• WORK REQUEST
Each line of the entries below that includes "False" belongs in your answer.

• DATA
►
(* Let $n$ individuals be connected by a directed graph with edge set $E\subseteq[n]\times[n]$ (self-loops allowed), in-neighborhoods $\mathcal{N}_i=\{j:(j,i)\in E\}$, and let $d$ be the maximum of the maximum in-degree and maximum out-degree. Suppose $Y_i(\mathbf z)=\sum_{\mathcal S\subseteq\mathcal N_i,|\mathcal S|\le\beta}c_{i,\mathcal S}\prod_{j\in\mathcal S}z_j$ for all $i$ and $\mathbf z\in\{0,1\}^n$, let $Y_{\max}=\max_i\sum_{\mathcal S\subseteq\mathcal N_i,|\mathcal S|\le\beta}|c_{i,\mathcal S}|$, and $\mathrm{TTE}=\frac1n\sum_i(Y_i(\mathbf 1)-Y_i(\mathbf 0))$. Consider a staggered rollout completely randomized design with integer treatment counts $0=k_0<k_1<\dots<k_\beta\le n$: $\mathbf z^0=\mathbf 0$, and for $t\ge1$, $\mathbf z^t$ is obtained from $\mathbf z^{t-1}$ by treating $k_t-k_{t-1}$ additional individuals chosen uniformly at random among the untreated ones (so $\mathbf z^t$ is marginally the indicator of a uniformly random $k_t$-subset, and treatments are monotone in $t$). Observations are $Y^{\mathrm{obs}}_{i,t}=Y_i(\mathbf z^t)+\varepsilon_{i,t}$, with $\varepsilon_{i,t}$ i.i.d. $N(0,\sigma^2)$ independent of the treatments. With $x_t=k_t/n$, define $$\widehat{\mathrm{TTE}}_{\mathrm{PI}}(\mathbf k/n)=\sum_{t=0}^\beta\big(\ell_{t}(1)-\ell_{t}(0)\big)\Big(\frac1n\sum_{i=1}^nY^{\mathrm{obs}}_{i,t}\Big),\qquad \ell_t(x)=\prod_{s\ne t}\frac{x-x_s}{x_t-x_s},$$ and $\Delta_{\mathbf k}=\min_{1\le t\le\beta}(k_t-k_{t-1})$. Then this estimator is unbiased for $\mathrm{TTE}$ and has variance $$O\Big(\beta^2Y_{\max}^2\Big(\tfrac{d^2}{n}+\tfrac{\beta^2}{k_1}\Big)\big(\tfrac{n}{\Delta_{\mathbf k}}\big)^{2\beta}+\tfrac{\sigma^2\beta}{n}\big(\tfrac{n}{\Delta_{\mathbf k}}\big)^{2\beta}\Big).$$
   Context: $\ell_t$ are the Lagrange interpolation basis polynomials for the nodes $k_0/n,\dots,k_\beta/n$. *)

theory Defs
  imports "HOL-Probability.Probability"
begin

definition in_nbhd :: "(nat \<times> nat) set \<Rightarrow> nat \<Rightarrow> nat set" where
  "in_nbhd E i = {j. (j, i) \<in> E}"

definition out_nbhd :: "(nat \<times> nat) set \<Rightarrow> nat \<Rightarrow> nat set" where
  "out_nbhd E i = {j. (i, j) \<in> E}"

definition max_degree :: "nat \<Rightarrow> (nat \<times> nat) set \<Rightarrow> nat" where
  "max_degree n E = max (Max ((\<lambda>i. card (in_nbhd E i)) ` {..<n}))
                         (Max ((\<lambda>i. card (out_nbhd E i)) ` {..<n}))"

definition small_subsets :: "(nat \<times> nat) set \<Rightarrow> nat \<Rightarrow> nat \<Rightarrow> nat set set" where
  "small_subsets E beta i = {S. S \<subseteq> in_nbhd E i \<and> card S \<le> beta}"

definition Y_max :: "nat \<Rightarrow> (nat \<times> nat) set \<Rightarrow> nat \<Rightarrow> (nat \<Rightarrow> nat set \<Rightarrow> real) \<Rightarrow> real" where
  "Y_max n E beta c = Max ((\<lambda>i. \<Sum>S\<in>small_subsets E beta i. \<bar>c i S\<bar>) ` {..<n})"

text \<open>Treatment vectors z in {0,1}^n are represented by the treated sets {j<n. z_j = 1}.\<close>
definition TTE :: "nat \<Rightarrow> (nat \<Rightarrow> nat set \<Rightarrow> real) \<Rightarrow> real" where
  "TTE n Y = (1 / real n) * (\<Sum>i<n. Y i {..<n} - Y i {})"

text \<open>Staggered rollout completely randomized design: the result maps stage t to the
  treated set at stage t (only stages 0..T are meaningful).\<close>
fun rollout :: "nat \<Rightarrow> (nat \<Rightarrow> nat) \<Rightarrow> nat \<Rightarrow> (nat \<Rightarrow> nat set) pmf" where
  "rollout n k 0 = return_pmf (\<lambda>_. {})"
| "rollout n k (Suc t) =
     bind_pmf (rollout n k t) (\<lambda>Z.
       bind_pmf (pmf_of_set {B. B \<subseteq> {..<n} - Z t \<and> card B = k (Suc t) - k t}) (\<lambda>B.
         return_pmf (Z(Suc t := Z t \<union> B))))"

definition lagrange_basis :: "(nat \<Rightarrow> real) \<Rightarrow> nat \<Rightarrow> nat \<Rightarrow> real \<Rightarrow> real" where
  "lagrange_basis x beta t y = (\<Prod>s\<in>{0..beta} - {t}. (y - x s) / (x t - x s))"

text \<open>Joint law of treatments and (standardised) noise: the treatment sequence from the
  rollout, independent of i.i.d. standard normals g(i,t), i<n, t<=beta.
  The noise is eps(i,t) = sigma * g(i,t) ~ N(0, sigma^2).\<close>
definition design_measure :: "nat \<Rightarrow> (nat \<Rightarrow> nat) \<Rightarrow> nat
     \<Rightarrow> ((nat \<Rightarrow> nat set) \<times> (nat \<times> nat \<Rightarrow> real)) measure" where
  "design_measure n k beta =
     measure_pmf (rollout n k beta) \<Otimes>\<^sub>M
     PiM ({..<n} \<times> {..beta}) (\<lambda>_. density lborel std_normal_density)"

definition TTE_PI :: "nat \<Rightarrow> (nat \<Rightarrow> nat) \<Rightarrow> nat \<Rightarrow> real \<Rightarrow> (nat \<Rightarrow> nat set \<Rightarrow> real)
     \<Rightarrow> (nat \<Rightarrow> nat set) \<times> (nat \<times> nat \<Rightarrow> real) \<Rightarrow> real" where
  "TTE_PI n k beta \<sigma> Y \<omega> =
     (let x = (\<lambda>t. real (k t) / real n); Z = fst \<omega>; g = snd \<omega> in
      \<Sum>t\<in>{0..beta}. (lagrange_basis x beta t 1 - lagrange_basis x beta t 0) *
         ((1 / real n) * (\<Sum>i<n. Y i (Z t) + \<sigma> * g (i, t))))"

definition min_gap :: "(nat \<Rightarrow> nat) \<Rightarrow> nat \<Rightarrow> nat" where
  "min_gap k beta = Min ((\<lambda>t. k t - k (t - 1)) ` {1..beta})"

end

theory Submission
  imports Defs "HOL-Computational_Algebra.Polynomial"
begin

text \<open>
  Under the staggered rollout the treated set at stage \<open>t\<close> is a uniform
  \<open>k\<^sub>t\<close>-subset of the population, so the monomial \<open>\<Prod>j\<in>S. z\<^sub>j\<close> has mean
  \<open>incl_prob n k\<^sub>t |S|\<close>, a polynomial of degree \<open>|S| \<le> \<beta>\<close> in \<open>x\<^sub>t = k\<^sub>t / n\<close> that vanishes
  at 0 (for \<open>S \<noteq> {}\<close>) and equals 1 at 1. Lagrange interpolation at the \<open>\<beta> + 1\<close> nodes
  \<open>x\<^sub>t\<close> is exact on such polynomials, so the weights \<open>w\<^sub>t = \<ell>\<^sub>t(1) - \<ell>\<^sub>t(0)\<close> turn the
  expected stage averages into \<open>(1/n) \<Sum> c\<^sub>i\<^sub>S [S \<noteq> {}] = TTE\<close>.

  The noise is independent of the treatments, so the variances add, and the
  noise part is \<open>\<sigma>\<^sup>2/n\<^sup>2 \<Sum> w\<^sub>t\<^sup>2\<close> summed over units and stages. The treatment part is bounded
  by Cauchy-Schwarz over the \<open>\<beta> + 1\<close> stages and \<open>|\<ell>\<^sub>t| \<le> (n/\<Delta>)\<^sup>\<beta>\<close> on \<open>[0, 1]\<close>. Within
  one stage the variance of the average outcome is a double sum of covariances of inclusion
  indicators of monomials: such a covariance is at most 1, and a monomial overlaps only the
  monomials of at most \<open>d\<^sup>2\<close> units; for disjoint monomials it is at most \<open>2\<beta>\<^sup>2/k\<close>.
\<close>

section \<open>Lagrange interpolation\<close>

definition lagrange_basis_poly :: "(nat \<Rightarrow> real) \<Rightarrow> nat \<Rightarrow> nat \<Rightarrow> real poly" where
  "lagrange_basis_poly x beta t = (\<Prod>s\<in>{0..beta} - {t}. [:- x s / (x t - x s), 1 / (x t - x s):])"
lemma tail_avg_split:
  assumes "f \<in> CN"
  shows "tail_avg M f =
    (\<Sum>i<k. weight i * f (half_pow (M + i))) + of_real ((1/2) ^ k) * tail_avg (M + k) f"
proof -
  have "tail_avg M f = (\<Sum>i. weight (i + k) * f (half_pow (M + (i + k)))) +
      (\<Sum>i<k. weight i * f (half_pow (M + i)))"
    unfolding tail_avg_def by (rule suminf_split_initial_segment[OF summable_tail_avg[OF assms]])
  also have "(\<Sum>i. weight (i + k) * f (half_pow (M + (i + k)))) =
      (\<Sum>i. of_real ((1/2) ^ k) * (weight i * f (half_pow (M + k + i))))"
    by (simp add: weight_add ac_simps)
  also have "\<dots> = of_real ((1/2) ^ k) * tail_avg (M + k) f"
    unfolding tail_avg_def by (rule suminf_mult[OF summable_tail_avg[OF assms]])
  finally show ?thesis
    by simp
qed

lemma tau_v_eq_iff_tail_avg_eq:
  assumes "f \<in> CN" "g \<in> CN" and head: "\<And>j. j < M \<Longrightarrow> f (half_pow j) = g (half_pow j)"
  shows "tau_v f = tau_v g \<longleftrightarrow> tail_avg M f = tail_avg M g"
proof -
  have "(\<Sum>j<M. weight j * f (half_pow j)) = (\<Sum>j<M. weight j * g (half_pow j))"
    using head by simp
  then show ?thesis
    unfolding tau_v_eq_tail_avg tail_avg_split[OF assms(1), of 0 M] tail_avg_split[OF assms(2), of 0 M]
    by simp
qed

lemma tail_avg_add:
  "f \<in> CN \<Longrightarrow> g \<in> CN \<Longrightarrow> tail_avg M (\<lambda>x. f x + g x) = tail_avg M f + tail_avg M g"
  unfolding tail_avg_def using suminf_add[OF summable_tail_avg[of f M] summable_tail_avg[of g M]]
  by (simp add: distrib_left)

lemma tail_avg_cmult: "f \<in> CN \<Longrightarrow> tail_avg M (\<lambda>x. c * f x) = c * tail_avg M f"
  unfolding tail_avg_def using suminf_mult[OF summable_tail_avg[of f M], of c]
  by (simp add: mult_ac)

lemma const_tail_shift: "b \<in> const_tail M \<Longrightarrow> b (half_pow (M + i)) = b (half_pow M)"
  by (rule const_tail_half_pow) simp_all

lemma tail_avg_const_tail: "b \<in> const_tail M \<Longrightarrow> tail_avg M b = b (half_pow M)"
  unfolding tail_avg_def by (simp only: const_tail_shift suminf_weight_mult)

lemma tail_avg_mult_const_tail:
  assumes "b \<in> const_tail M" "b' \<in> const_tail M" "a \<in> CN"
  shows "tail_avg M (\<lambda>x. b x * a x * b' x) = b (half_pow M) * tail_avg M a * b' (half_pow M)"
proof -
  have "tail_avg M (\<lambda>x. b x * a x * b' x) = tail_avg M (\<lambda>x. (b (half_pow M) * b' (half_pow M)) * a x)"
    unfolding tail_avg_def const_tail_shift[OF assms(1)] const_tail_shift[OF assms(2)]
    by (simp add: mult_ac)
  also have "\<dots> = b (half_pow M) * b' (half_pow M) * tail_avg M a"
    by (rule tail_avg_cmult[OF assms(3)])
  finally show ?thesis
    by (simp add: mult_ac)
qed

lemma const_tail_eqI:
  assumes "b \<in> const_tail M" "b' \<in> const_tail M"
    and head: "\<And>j. j < M \<Longrightarrow> b (half_pow j) = b' (half_pow j)"
    and "b (half_pow M) = b' (half_pow M)"
  shows "b = b'"
proof
  fix x
  consider "x \<notin> Nbar" | "x \<in> Nbar" "x \<le> half_pow M" | j where "j < M" "x = half_pow j"
    by (metis Nbar_greater_half_pow not_le)
  then show "b x = b' x"
  proof cases
    case 1
    then show ?thesis
      using assms(1,2) by (simp add: const_tail_outside)
  next
    case 2
    then show ?thesis
      using assms(1,2,4) by (metis const_tail_below)
  next
    case 3
    then show ?thesis
      using head by simp
  qed
qed

text \<open>The value \<open>undefined\<close> off \<open>CN\<close> makes \<open>tail_exp M\<close> extensional, as required in \<open>Em\<close>.\<close>
definition tail_exp :: "nat \<Rightarrow> (real \<Rightarrow> complex) \<Rightarrow> real \<Rightarrow> complex" where
  "tail_exp M f = (if f \<in> CN
     then (\<lambda>x. if x \<notin> Nbar then 0 else if x \<le> half_pow M then tail_avg M f else f x)
     else undefined)"

lemma tail_exp_apply:
  "f \<in> CN \<Longrightarrow>
    tail_exp M f x = (if x \<notin> Nbar then 0 else if x \<le> half_pow M then tail_avg M f else f x)"
  by (simp add: tail_exp_def)

lemma tail_exp_head: "f \<in> CN \<Longrightarrow> j < M \<Longrightarrow> tail_exp M f (half_pow j) = f (half_pow j)"
  by (simp add: tail_exp_apply half_pow_in_Nbar half_pow_le_iff)

lemma tail_exp_at_half_pow: "f \<in> CN \<Longrightarrow> tail_exp M f (half_pow M) = tail_avg M f"
  by (simp add: tail_exp_apply half_pow_in_Nbar)

lemma tail_exp_in_const_tail: "f \<in> CN \<Longrightarrow> tail_exp M f \<in> const_tail M"
  by (simp add: const_tail_def tail_exp_apply half_pow_in_Nbar)

lemma tail_exp_const_tail:
  assumes "b \<in> const_tail M" shows "tail_exp M b = b"
proof -
  have b: "b \<in> CN"
    using assms const_tail_subset_CN by blast
  show ?thesis
  proof (rule const_tail_eqI[OF tail_exp_in_const_tail[OF b] assms])
    show "tail_exp M b (half_pow j) = b (half_pow j)" if "j < M" for j
      using b that by (rule tail_exp_head)
    show "tail_exp M b (half_pow M) = b (half_pow M)"
      using assms b by (simp add: tail_exp_at_half_pow tail_avg_const_tail)
  qed
qed

lemma tail_exp_add:
  "f \<in> CN \<Longrightarrow> g \<in> CN \<Longrightarrow> tail_exp M (\<lambda>x. f x + g x) = (\<lambda>x. tail_exp M f x + tail_exp M g x)"
  by (simp add: tail_exp_apply CN_add tail_avg_add fun_eq_iff)

lemma tail_exp_cmult: "f \<in> CN \<Longrightarrow> tail_exp M (\<lambda>x. c * f x) = (\<lambda>x. c * tail_exp M f x)"
  by (simp add: tail_exp_apply CN_cmult tail_avg_cmult fun_eq_iff)

lemma tail_exp_bimodule:
  assumes b: "b \<in> const_tail M" and b': "b' \<in> const_tail M" and a: "a \<in> CN"
  shows "tail_exp M (\<lambda>x. b x * a x * b' x) = (\<lambda>x. b x * tail_exp M a x * b' x)"
proof
  fix x
  have "(\<lambda>x. b x * a x * b' x) \<in> CN"
    using b b' a const_tail_subset_CN by (intro CN_mult) auto
  moreover have "b x = b (half_pow M)" "b' x = b' (half_pow M)" if "x \<in> Nbar" "x \<le> half_pow M"
    using that b b' by (simp_all add: const_tail_below)
  ultimately show "tail_exp M (\<lambda>x. b x * a x * b' x) x = b x * tail_exp M a x * b' x"
    using a by (simp add: tail_exp_apply tail_avg_mult_const_tail[OF b b' a])
qed

lemma supnorm_tail_exp_le: "f \<in> CN \<Longrightarrow> supnorm (tail_exp M f) \<le> supnorm f"
  by (intro supnorm_le) (simp add: tail_exp_apply norm_tail_avg_le norm_le_supnorm)

lemma tau_v_tail_exp: "f \<in> CN \<Longrightarrow> tau_v (tail_exp M f) = tau_v f"
  using const_tail_subset_CN tail_exp_in_const_tail
  by (subst tau_v_eq_iff_tail_avg_eq[where M = M])
    (auto simp: tail_exp_head tail_avg_const_tail tail_exp_at_half_pow)

lemma tail_exp_is_cond_exp:
  "tail_exp M \<in> CN \<rightarrow>\<^sub>E const_tail M \<and> cond_exp (const_tail M) (tail_exp M) \<and>
    tau_preserving (tail_exp M)"
proof (intro conjI)
  show "tail_exp M \<in> CN \<rightarrow>\<^sub>E const_tail M"
    by (auto simp: PiE_iff extensional_def tail_exp_in_const_tail) (simp add: tail_exp_def)
  have "const_tail M \<subseteq> tail_exp M ` CN"
    using tail_exp_const_tail const_tail_subset_CN by (metis image_eqI subsetD subsetI)
  then have "tail_exp M ` CN = const_tail M"
    using tail_exp_in_const_tail by blast
  then show "cond_exp (const_tail M) (tail_exp M)"
    unfolding cond_exp_def
    by (simp add: tail_exp_add tail_exp_cmult tail_exp_const_tail supnorm_tail_exp_le
        tail_exp_bimodule)
  show "tau_preserving (tail_exp M)"
    by (simp add: tau_preserving_def tau_v_tail_exp)
qed

lemma cond_exp_const_tail_head:
  assumes E: "cond_exp (const_tail M) E" and f: "f \<in> CN" and j: "j < M"
  shows "E f (half_pow j) = f (half_pow j)"
proof -
  define \<delta> :: "complex \<Rightarrow> real \<Rightarrow> complex" where "\<delta> c x = (if x = half_pow j then c else 0)" for c x
  have \<delta>: "\<delta> c \<in> const_tail M" for c
    unfolding \<delta>_def[abs_def] using j by (rule point_mass_in_const_tail)
  have "(\<lambda>x. \<delta> 1 x * E f x * \<delta> 1 x) = E (\<lambda>x. \<delta> 1 x * f x * \<delta> 1 x)"
    using cond_exp_bimodule[OF E \<delta> \<delta> f] by simp
  also have "(\<lambda>x. \<delta> 1 x * f x * \<delta> 1 x) = \<delta> (f (half_pow j))"
    by (auto simp: \<delta>_def)
  also have "E \<dots> = \<delta> (f (half_pow j))"
    using cond_exp_idem[OF E \<delta>] .
  finally show ?thesis
    by (metis \<delta>_def mult_1 mult_1_right)
qed

lemma cond_exp_const_tail_at_half_pow:
  assumes E: "cond_exp (const_tail M) E" "tau_preserving E" and f: "f \<in> CN"
  shows "E f (half_pow M) = tail_avg M f"
proof -
  have Ef: "E f \<in> const_tail M"
    using cond_exp_range[OF E(1)] f by blast
  then have "E f \<in> CN"
    using const_tail_subset_CN by blast
  moreover have "tau_v (E f) = tau_v f"
    using E(2) f unfolding tau_preserving_def by blast
  ultimately have "tail_avg M (E f) = tail_avg M f"
    using f cond_exp_const_tail_head[OF E(1) f] tau_v_eq_iff_tail_avg_eq by blast
  then show ?thesis
    using tail_avg_const_tail[OF Ef] by simp
qed

lemma cond_exp_const_tail_unique:
  assumes "E \<in> CN \<rightarrow>\<^sub>E const_tail M" "cond_exp (const_tail M) E" "tau_preserving E"
  shows "E = tail_exp M"
proof
  fix f
  show "E f = tail_exp M f"
  proof (cases "f \<in> CN")
    case False
    have "E f = undefined"
      using assms(1) False by (rule PiE_arb)
    with False show ?thesis
      by (simp add: tail_exp_def)
  next
    case f: True
    show ?thesis
    proof (rule const_tail_eqI)
      show "E f \<in> const_tail M"
        using assms(1) f by (rule PiE_mem)
      show "tail_exp M f \<in> const_tail M"
        using f by (rule tail_exp_in_const_tail)
      show "E f (half_pow j) = tail_exp M f (half_pow j)" if "j < M" for j
        using cond_exp_const_tail_head[OF assms(2) f that] tail_exp_head[OF f that] by simp
      show "E f (half_pow M) = tail_exp M f (half_pow M)"
        using cond_exp_const_tail_at_half_pow[OF assms(2,3) f] tail_exp_at_half_pow[OF f] by simp
    qed
  qed
qed

lemma Em_eq_tail_exp: "m \<ge> 1 \<Longrightarrow> Em m = tail_exp (m - 1)"
  unfolding Em_def Cm_eq_const_tail
  using tail_exp_is_cond_exp cond_exp_const_tail_unique by (intro the_equality) blast+

lemma phi_0: "n \<ge> 1 \<Longrightarrow> phi n 0 = 1"
  using half_pow_pos[of "n - 1"] by (simp add: phi_def zero_in_Nbar pt_eq_half_pow)

lemma phi_half_pow:
  "n \<ge> 1 \<Longrightarrow> phi n (half_pow j) = (if j < n - 1 then 0 else if j = n - 1 then -1 else 1)"
  by (simp add: phi_def half_pow_in_Nbar pt_eq_half_pow half_pow_less_iff half_pow_eq_iff)

lemma phi_in_const_tail:
  assumes n: "n \<ge> 1" and "n \<le> K" shows "phi n \<in> const_tail K"
proof -
  have "phi n x = 1" if "x \<in> Nbar" "x \<le> half_pow K" for x
    using that(1)
  proof (cases rule: Nbar_cases)
    case 1
    then show ?thesis
      using n by (simp add: phi_0)
  next
    case (2 j)
    then show ?thesis
      using that(2) n \<open>n \<le> K\<close> by (auto simp: phi_half_pow half_pow_le_iff)
  qed
  then show ?thesis
    unfolding const_tail_def using half_pow_in_Nbar by (simp add: phi_def)
qed

lemma phi_in_CN: "n \<ge> 1 \<Longrightarrow> phi n \<in> CN"
  using phi_in_const_tail const_tail_subset_CN by blast

lemma supnorm_phi: assumes n: "n \<ge> 1" shows "supnorm (phi n) = 1"
proof (rule antisym)
  show "supnorm (phi n) \<le> 1"
    by (rule supnorm_le) (simp add: phi_def)
  show "1 \<le> supnorm (phi n)"
    using norm_le_supnorm[OF phi_in_CN[OF n] zero_in_Nbar] phi_0[OF n] by simp
qed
◄
• OUTPUT FOR THIS EXERCISE
    case False
      using assms(1) False by (rule PiE_arb)
    with False show ?thesis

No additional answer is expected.